Rideau's case is politically sensitive. He's also one of those "troublemakers" who studies law in prison and attempts to keep the corrections department a bit honest. His high-profile is unquestionably held against him.

But should he be paroled?

The question is about justice. If we aspire to anything of the sort (we don't) it would be an open and shut case. I have sympathy for his plight as a human being, but I'm not convinced a general policy of "equal time for equal crime" can be fashioned that will protect the public.

If we want to pursue justice, we'd have to radically change our systems. As it stands, we value order instead. And that we get. Mostly.

I've had enough close calls with southern cops to know liberty is a precarious thing, easily confiscated by the state. And I'm white. For those of color, paranoia is completely justified.
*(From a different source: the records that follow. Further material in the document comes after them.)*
(* Let $G$ be a graph without isolated vertices and $T$ a solution counting decision tree for $\varphi(G)$. Let $u$ be a node of $T$ labelled by a variable $x$ that is not forced to $1$ by $A_u$, and let $vp$ and $vn$ be the heads of the outgoing edges of $u$ labelled $x$ and $\neg x$ respectively. Let $S\subseteq V(G)$ contain a neighbour $y$ of $x$, and let $p$ be the weight of the edge $(u,vp)$. Then $p\,\alpha^{vp}(S)+(1-p)\,\alpha^{vn}(S\setminus\{y\})\leq\alpha^u(S)$.
   Context: $\varphi(G)$ is the CNF on variables $V(G)$ with clauses $(u\vee v)$ for $\{u,v\}\in E(G)$. Boolean functions are identified with their sets of satisfying assignments (sets of literals); $F|_S$ is the function on the remaining variables whose satisfying assignments are the $S'$ with $S\cup S'$ satisfying $F$; $|\cdot|$ counts satisfying assignments. Decision tree for $F$ (not constant false): root labelled by some $x\in Var(F)$; for each literal $\ell\in\{x,\neg x\}$ occurring in some satisfying assignment, an outgoing edge labelled $\ell$ whose head is a leaf if $|Var(F)|=1$ and otherwise the root of a decision tree for $F|_\ell$. A solution counting decision tree additionally gives the edge leaving node $w$ with label $\ell$ the weight $|F|_{A_w\cup\{\ell\}}|/|F|_{A_w}|$, where $A_w$ is the set of literals labelling the root-$w$ path. A variable $z$ is forced to $1$ by $A_w$ if some neighbour $z'$ of $z$ in $G$ has $\neg z'\in A_w$. $N^w(z)$ is the set of neighbours of $z$ that do not occur in $A_w$ and are not forced to $1$ by $A_w$. For $d\geq 0$, $c_d=1-2^{-(2d+1)}$, and $\alpha^w(S)=\prod_{z\in S}c_{|N^w(z)|}$. *)

theory Defs
  imports Complex_Main
begin
(* $\mathfrak{ss}_{ac}=\mathfrak d$ and dually $\mathfrak{ss}_{ac}^\perp=\mathfrak b$.
   Context: Let $\mathfrak S$ be the set of all sequences $\mathbf a=\langle a_i:i\in\omega\rangle$ of rational numbers with $a_i\to 0$. Let $[\omega]^\omega_\omega$ denote the set of infinite coinfinite subsets of $\omega$. For infinite $X\subseteq\omega$ with increasing enumeration $\langle i_n\rangle$ write $\sum_X\mathbf a$ for $\sum_n a_{i_n}$. A series is convergent if its partial sums converge to a real number; it is conditional if $\sum_{\{i:a_i>0\}}\mathbf a=\infty$ and $\sum_{\{i:a_i<0\}}\mathbf a=-\infty$; conditionally convergent if convergent and conditional; absolutely convergent if convergent and not conditional. Let $\mathfrak S_{cc}$ be the set of $\mathbf a\in\mathfrak S$ with $\sum\mathbf a$ conditionally convergent. $\mathfrak{ss}_{ac}$ is the least cardinality of a family $\mathcal X\subseteq[\omega]^\omega_\omega$ such that for every $\mathbf a\in\mathfrak S_{cc}$ there is $X\in\mathcal X$ with $\sum_X\mathbf a$ absolutely convergent; $\mathfrak{ss}_{ac}^\perp$ is the least cardinality of a family $\mathcal A\subseteq\mathfrak S_{cc}$ such that no $X\in[\omega]^\omega_\omega$ makes $\sum_X\mathbf a$ absolutely convergent for all $\mathbf a\in\mathcal A$. $\mathfrak b$ and $\mathfrak d$ are the bounding and dominating numbers. *)

theory Defs
  imports "HOL-Analysis.Analysis" "HOL-Library.Infinite_Set"
begin

definition Sseq :: "(nat \<Rightarrow> rat) set" where
  "Sseq = {a. (\<lambda>i. real_of_rat (a i)) \<longlonglongrightarrow> 0}"

definition infcoinf :: "nat set set" where
  "infcoinf = {X. infinite X \<and> infinite (- X)}"

definition subser :: "(nat \<Rightarrow> rat) \<Rightarrow> nat set \<Rightarrow> nat \<Rightarrow> real" where
  "subser a X = (\<lambda>n. real_of_rat (a (enumerate X n)))"

definition conditional :: "(nat \<Rightarrow> real) \<Rightarrow> bool" where
  "conditional b \<longleftrightarrow>
     filterlim (\<lambda>N. \<Sum>n<N. max (b n) 0) at_top sequentially \<and>
     filterlim (\<lambda>N. \<Sum>n<N. min (b n) 0) at_bot sequentially"

definition cond_conv :: "(nat \<Rightarrow> real) \<Rightarrow> bool" where
  "cond_conv b \<longleftrightarrow> summable b \<and> conditional b"

definition abs_conv :: "(nat \<Rightarrow> real) \<Rightarrow> bool" where
  "abs_conv b \<longleftrightarrow> summable b \<and> \<not> conditional b"

definition Scc :: "(nat \<Rightarrow> rat) set" where
  "Scc = {a \<in> Sseq. cond_conv (\<lambda>i. real_of_rat (a i))}"

definition ss_ac_family :: "nat set set \<Rightarrow> bool" where
  "ss_ac_family \<X> \<longleftrightarrow> \<X> \<subseteq> infcoinf \<and>
     (\<forall>a\<in>Scc. \<exists>X\<in>\<X>. abs_conv (subser a X))"

definition ss_ac_perp_family :: "(nat \<Rightarrow> rat) set \<Rightarrow> bool" where
  "ss_ac_perp_family \<A> \<longleftrightarrow> \<A> \<subseteq> Scc \<and>
     \<not> (\<exists>X\<in>infcoinf. \<forall>a\<in>\<A>. abs_conv (subser a X))"

definition unbounded_family :: "(nat \<Rightarrow> nat) set \<Rightarrow> bool" where
  "unbounded_family F \<longleftrightarrow> \<not> (\<exists>g. \<forall>f\<in>F. eventually (\<lambda>n. f n \<le> g n) sequentially)"

definition dominating_family :: "(nat \<Rightarrow> nat) set \<Rightarrow> bool" where
  "dominating_family D \<longleftrightarrow> (\<forall>g. \<exists>f\<in>D. eventually (\<lambda>n. g n \<le> f n) sequentially)"

text \<open>The least cardinality (as a cardinal, i.e. a well-order relation) of a
  set satisfying P.\<close>
definition mincard :: "('a set \<Rightarrow> bool) \<Rightarrow> 'a rel" where
  "mincard P = (SOME r. \<exists>F. P F \<and> r = card_of F \<and> (\<forall>G. P G \<longrightarrow> (r, card_of G) \<in> ordLeq))"

definition ss_ac :: "nat set rel" where "ss_ac = mincard ss_ac_family"
definition ss_ac_perp :: "(nat \<Rightarrow> rat) rel" where "ss_ac_perp = mincard ss_ac_perp_family"
definition bnum :: "(nat \<Rightarrow> nat) rel" where "bnum = mincard unbounded_family"
definition dnum :: "(nat \<Rightarrow> nat) rel" where "dnum = mincard dominating_family"

end

theory Submission
  imports Defs
begin

text \<open>
  For \<open>a \<in> S\<close> let \<open>h\<^sub>a(n)\<close> be the least index from which on \<open>|a\<^sub>i| \<le> 2\<^sup>-\<^sup>n\<close>. If \<open>f\<close> eventually
  dominates \<open>h\<^sub>a\<close>, then along the infinite coinfinite set \<open>X\<^sub>f\<close> of the even numbers
  \<open>2(f(0) + \<dots> + f(n) + n)\<close>, whose \<open>n\<close>-th element exceeds \<open>f(n)\<close>, the subseries of \<open>a\<close> is
  dominated by \<open>2\<^sup>-\<^sup>n\<close> and hence absolutely convergent.

  Conversely, for \<open>g : \<omega> \<rightarrow> \<omega>\<close> split \<open>\<omega>\<close> into consecutive blocks, the \<open>k\<close>-th of length
  about \<open>g(k)\<close>, and let \<open>a\<^sub>g\<close> be the alternating series with terms \<open>\<plusminus>1/(k+1)\<close> on the \<open>k\<close>-th
  block: it converges by Leibniz but not absolutely. Its absolute terms decrease, so if its
  subseries along \<open>X\<close> converges absolutely with sum \<open>T\<close>, then at most \<open>(n+1)T\<close> elements of
  \<open>X\<close> lie below the end of block \<open>n\<close>, which is at least \<open>g(n)\<close>. Hence \<open>n \<mapsto> X((n+1)\<^sup>2)\<close>
  eventually dominates \<open>g\<close>.

  The maps \<open>f \<mapsto> X\<^sub>f\<close>, \<open>X \<mapsto> (n \<mapsto> X((n+1)\<^sup>2))\<close>, \<open>g \<mapsto> a\<^sub>g\<close> and \<open>a \<mapsto> h\<^sub>a\<close> therefore carry
  dominating families to \<open>ss\<^sub>a\<^sub>c\<close>-witnesses and back, and unbounded families to
  \<open>ss\<^sub>a\<^sub>c\<^sup>\<bottom>\<close>-witnesses and back, without increasing cardinality.
\<close>

lemma filterlim_sum_at_top_iff_not_summable:
  fixes h :: "nat \<Rightarrow> real"
  assumes nonneg: "\<And>n. 0 \<le> h n"
  shows "filterlim (\<lambda>N. \<Sum>n<N. h n) at_top sequentially \<longleftrightarrow> \<not> summable h"
proof
  assume "filterlim (\<lambda>N. \<Sum>n<N. h n) at_top sequentially"
  then show "\<not> summable h"
    unfolding summable_iff_convergent
    by (intro filterlim_at_infinity_imp_not_convergent filterlim_at_top_imp_at_infinity)
next
  assume not_summable: "\<not> summable h"
  show "filterlim (\<lambda>N. \<Sum>n<N. h n) at_top sequentially"
    unfolding filterlim_at_top eventually_sequentially
  proof
    fix Z :: real
    obtain N0 where "Z \<le> (\<Sum>n<N0. h n)"
      using not_summable summableI_nonneg_bounded[of h Z] nonneg by (meson nle_le)
    moreover have "(\<Sum>n<N0. h n) \<le> (\<Sum>n<N. h n)" if "N0 \<le> N" for N
      using that nonneg by (intro sum_mono2) auto
    ultimately show "\<exists>N0. \<forall>N\<ge>N0. Z \<le> (\<Sum>n<N. h n)"
      by (meson order_trans)
  qed
qed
Back on the bus for more fields and long distance busing. It's astonishing how huge the grounds are. Just when we were numbed beyond caring, we entered a town. A movie theater, grocery store, gas station, row after row of houses. Mothers pushing small children on swings in their front yards.

We all exchanged glances with the same embedded question. Did you see when we left the grounds? We hadn't. This "town" houses many prison employees. Guards mainly. Partially subsidized, it sits inside the prison. It is no exaggeration to say this was the scariest part of the trip.

Our last stop was a visit to Old Red. Now decomissioned, its cells were formed out of concrete. They measured 4 feet wide by 7 feet long. A part of one wall extruded and was seemingly intended for slumber. We were told that, in its heydey, each cell held 6 men.

In the weather ravaged cafeteria sat a lone, solidly-built wooden chair. This was Old Sparky, the "travlin' chair". Way back when, death sentences were carried out in the locality where the crime was committed. Up they'd ride in a pickup truck, Old Sparky in the bed. A wire was hooked up to the local power grid, the locals would gather and the sentence carried out. Sparky was used for over 130 electrocutions.

This electric chair was "safe," and people lined up to sit in it. One particularly sensitive fellow mimed his demise. His fraters were amused and, while he was mugging for the crowd, engaged the arm straps.

He went ape. Zero to psychotic in no seconds. I thought he'd dislocate his shoulders pulling against the restraints. He was released after some struggle and led away weeping.


I sent a letter asking to be one of the 2 civilian witnesses at the last electrocution. My request was denied.